→ WHAT THIS TASK INVOLVES
The listing below holds a line with "fix c assume" and a later line with "a left unity\<close>". Write out those two lines and every line between them, exactly, and nothing else.

→ RECORDS
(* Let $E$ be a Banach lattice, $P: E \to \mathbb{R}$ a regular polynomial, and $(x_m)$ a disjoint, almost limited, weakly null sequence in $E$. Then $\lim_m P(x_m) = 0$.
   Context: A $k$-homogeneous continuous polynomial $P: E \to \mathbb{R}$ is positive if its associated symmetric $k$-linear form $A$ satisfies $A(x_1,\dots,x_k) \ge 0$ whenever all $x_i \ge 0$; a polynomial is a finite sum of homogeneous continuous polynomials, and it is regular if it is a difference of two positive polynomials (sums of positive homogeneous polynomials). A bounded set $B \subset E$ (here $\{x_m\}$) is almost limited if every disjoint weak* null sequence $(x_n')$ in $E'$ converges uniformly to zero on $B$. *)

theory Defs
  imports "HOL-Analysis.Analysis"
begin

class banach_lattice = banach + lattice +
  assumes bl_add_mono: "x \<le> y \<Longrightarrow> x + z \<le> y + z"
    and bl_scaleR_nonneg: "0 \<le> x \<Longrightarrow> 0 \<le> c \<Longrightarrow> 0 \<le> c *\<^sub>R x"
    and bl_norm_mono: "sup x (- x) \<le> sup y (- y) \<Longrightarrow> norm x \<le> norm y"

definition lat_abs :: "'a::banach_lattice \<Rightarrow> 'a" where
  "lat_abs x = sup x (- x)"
--
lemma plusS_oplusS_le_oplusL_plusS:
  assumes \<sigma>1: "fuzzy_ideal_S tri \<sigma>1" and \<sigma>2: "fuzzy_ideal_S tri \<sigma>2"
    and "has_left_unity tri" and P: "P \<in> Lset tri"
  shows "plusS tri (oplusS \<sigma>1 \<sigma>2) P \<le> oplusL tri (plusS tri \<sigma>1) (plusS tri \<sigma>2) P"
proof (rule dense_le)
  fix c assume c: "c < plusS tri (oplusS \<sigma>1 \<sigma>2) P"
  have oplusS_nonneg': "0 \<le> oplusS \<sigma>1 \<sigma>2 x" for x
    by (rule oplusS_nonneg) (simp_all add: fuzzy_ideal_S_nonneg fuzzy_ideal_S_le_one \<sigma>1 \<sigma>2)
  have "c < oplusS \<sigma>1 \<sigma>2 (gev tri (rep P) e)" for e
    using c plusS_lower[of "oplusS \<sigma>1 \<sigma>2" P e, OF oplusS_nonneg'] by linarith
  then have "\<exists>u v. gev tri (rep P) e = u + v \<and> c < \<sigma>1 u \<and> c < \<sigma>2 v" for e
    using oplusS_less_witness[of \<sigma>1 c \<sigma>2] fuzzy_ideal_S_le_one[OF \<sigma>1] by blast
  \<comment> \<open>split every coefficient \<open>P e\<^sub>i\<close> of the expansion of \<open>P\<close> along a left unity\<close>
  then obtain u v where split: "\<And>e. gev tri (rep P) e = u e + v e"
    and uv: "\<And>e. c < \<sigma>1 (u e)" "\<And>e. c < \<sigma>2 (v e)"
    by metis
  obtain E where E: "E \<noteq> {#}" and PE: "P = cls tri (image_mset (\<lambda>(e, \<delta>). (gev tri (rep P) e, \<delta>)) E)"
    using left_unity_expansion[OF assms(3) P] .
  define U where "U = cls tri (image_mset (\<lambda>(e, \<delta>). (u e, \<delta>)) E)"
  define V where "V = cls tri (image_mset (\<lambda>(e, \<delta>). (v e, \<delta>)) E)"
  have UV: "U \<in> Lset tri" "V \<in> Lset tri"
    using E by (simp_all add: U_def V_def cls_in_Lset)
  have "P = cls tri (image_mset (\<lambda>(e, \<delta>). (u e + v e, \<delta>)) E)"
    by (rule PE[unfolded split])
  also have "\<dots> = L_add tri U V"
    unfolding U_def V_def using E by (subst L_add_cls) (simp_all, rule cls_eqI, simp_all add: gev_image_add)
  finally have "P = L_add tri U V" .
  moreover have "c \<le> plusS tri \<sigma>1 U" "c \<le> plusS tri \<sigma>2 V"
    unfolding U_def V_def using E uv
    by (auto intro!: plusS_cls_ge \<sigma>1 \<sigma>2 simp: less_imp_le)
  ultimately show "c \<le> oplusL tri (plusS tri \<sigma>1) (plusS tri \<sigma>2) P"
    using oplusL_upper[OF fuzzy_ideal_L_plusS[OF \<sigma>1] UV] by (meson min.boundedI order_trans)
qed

→ TASK SOLUTION
  fix c assume c: "c < plusS tri (oplusS \<sigma>1 \<sigma>2) P"
  have oplusS_nonneg': "0 \<le> oplusS \<sigma>1 \<sigma>2 x" for x
    by (rule oplusS_nonneg) (simp_all add: fuzzy_ideal_S_nonneg fuzzy_ideal_S_le_one \<sigma>1 \<sigma>2)
  have "c < oplusS \<sigma>1 \<sigma>2 (gev tri (rep P) e)" for e
    using c plusS_lower[of "oplusS \<sigma>1 \<sigma>2" P e, OF oplusS_nonneg'] by linarith
  then have "\<exists>u v. gev tri (rep P) e = u + v \<and> c < \<sigma>1 u \<and> c < \<sigma>2 v" for e
    using oplusS_less_witness[of \<sigma>1 c \<sigma>2] fuzzy_ideal_S_le_one[OF \<sigma>1] by blast
  \<comment> \<open>split every coefficient \<open>P e\<^sub>i\<close> of the expansion of \<open>P\<close> along a left unity\<close>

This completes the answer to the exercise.